Exercise directions – Find the line containing "(\<forall>A\<in>sets borel. emeasure" in the data below, then output that line and each one after it exactly, with nothing else.

Stored data entries:
=======

(* In the Poisson-driven SDE setting, let $\psi:\mathcal K\times\mathcal N^\#_{\mathbb R\times\mathcal K}\to[0,\infty]$ be any measurable functional and $N_{\le0}$ any initial condition. If $N,N':\Omega\to\mathcal N^{\#g}_{\mathbb R\times\mathcal K}$ are two non-explosive marked point processes that both solve the Poisson-driven SDE with intensity functional $\psi$ and initial condition $N_{\le0}$, then $N=N'$ almost surely.
   Context: $\mathcal N^\#_{\mathcal Y}$ denotes the boundedly finite $\{0,1,\dots\}\cup\{\infty\}$-valued Borel measures on a complete separable metric space (CSMS) $\mathcal Y$ (Borel $\sigma$-algebra generated by $\xi\mapsto\xi(A)$); for a CSMS $\mathcal K$ with Borel measure $\ell$, $\mathcal N^{\#g}_{\mathbb R\times\mathcal K}$ is the set of $\xi\in\mathcal N^\#_{\mathbb R\times\mathcal K}$ whose ground measure $\xi(\cdot\times\mathcal K)$ is boundedly finite with mass $0$ or $1$ at each time. Non-explosive marked point processes are measurable maps into $\mathcal N^{\#g}_{\mathbb R\times\mathcal K}$. $\theta_t\xi(A)=\xi(A+t)$, $A+t=\{(s+t,u):(s,u)\in A\}$; $\xi|_I$ is the restriction to $I\times\mathcal K$; $\theta_t\xi^-=(\theta_t\xi)|_{(-\infty,0)}$. SDE setting: $N_{\le0}$ is a non-explosive marked point process on $(\Omega_{\le0},\mathcal F_{\le0},\mathbb P_{\le0})$ with no points in $(0,\infty)\times\mathcal K$; $M_{>0}$ is a Poisson process on $\mathbb R\times\mathcal K\times\mathbb R$ with mean measure $dt\,\ell(dm)\,dz$ on $(\Omega_{>0},\mathcal F_{>0},\mathbb P_{>0})$; $(\Omega,\mathcal F,\mathbb P)$ is the completion of the product probability space; $M(\omega):=M_{>0}(\omega_{>0})$ for $\omega=(\omega_{\le0},\omega_{>0})$; $\mathcal F_t$ is the $\mathbb P$-completion of $\mathcal F^{N_{\le0}}_t\otimes\mathcal F^{M_{>0}}_t$, where $\mathcal F^{P}_t$ denotes the internal history $\sigma\{P(A\times U):A\subset(-\infty,t]\}$. A solution of the Poisson-driven SDE is an $\mathbb F$-adapted non-explosive marked point process $N$ such that, almost surely, $N(A)=\iint_A\int_{(0,\lambda(\omega,t,m)]}M(\omega,dt,dm,dz)$ for all Borel $A\subset(0,\infty)\times\mathcal K$, with $\lambda(\omega,t,m)=\psi(m\mid\theta_tN(\omega)^-)$, and $N(\omega)|_{(-\infty,0]}=N_{\le0}(\omega_{\le0})$. *)

theory Defs
  imports "HOL-Probability.Probability"
begin

definition bf_counting_measure :: "('a::metric_space) measure \<Rightarrow> bool" where
  "bf_counting_measure \<xi> \<longleftrightarrow> sets \<xi> = sets borel \<and>
     (\<forall>A\<in>sets borel. emeasure \<xi> A \<in> range (of_nat :: nat \<Rightarrow> ennreal) \<union> {\<infinity>}) \<and>
     (\<forall>A\<in>sets borel. bounded A \<longrightarrow> emeasure \<xi> A < \<infinity>)"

=======

Exercise response –
     (\<forall>A\<in>sets borel. emeasure \<xi> A \<in> range (of_nat :: nat \<Rightarrow> ennreal) \<union> {\<infinity>}) \<and>
     (\<forall>A\<in>sets borel. bounded A \<longrightarrow> emeasure \<xi> A < \<infinity>)"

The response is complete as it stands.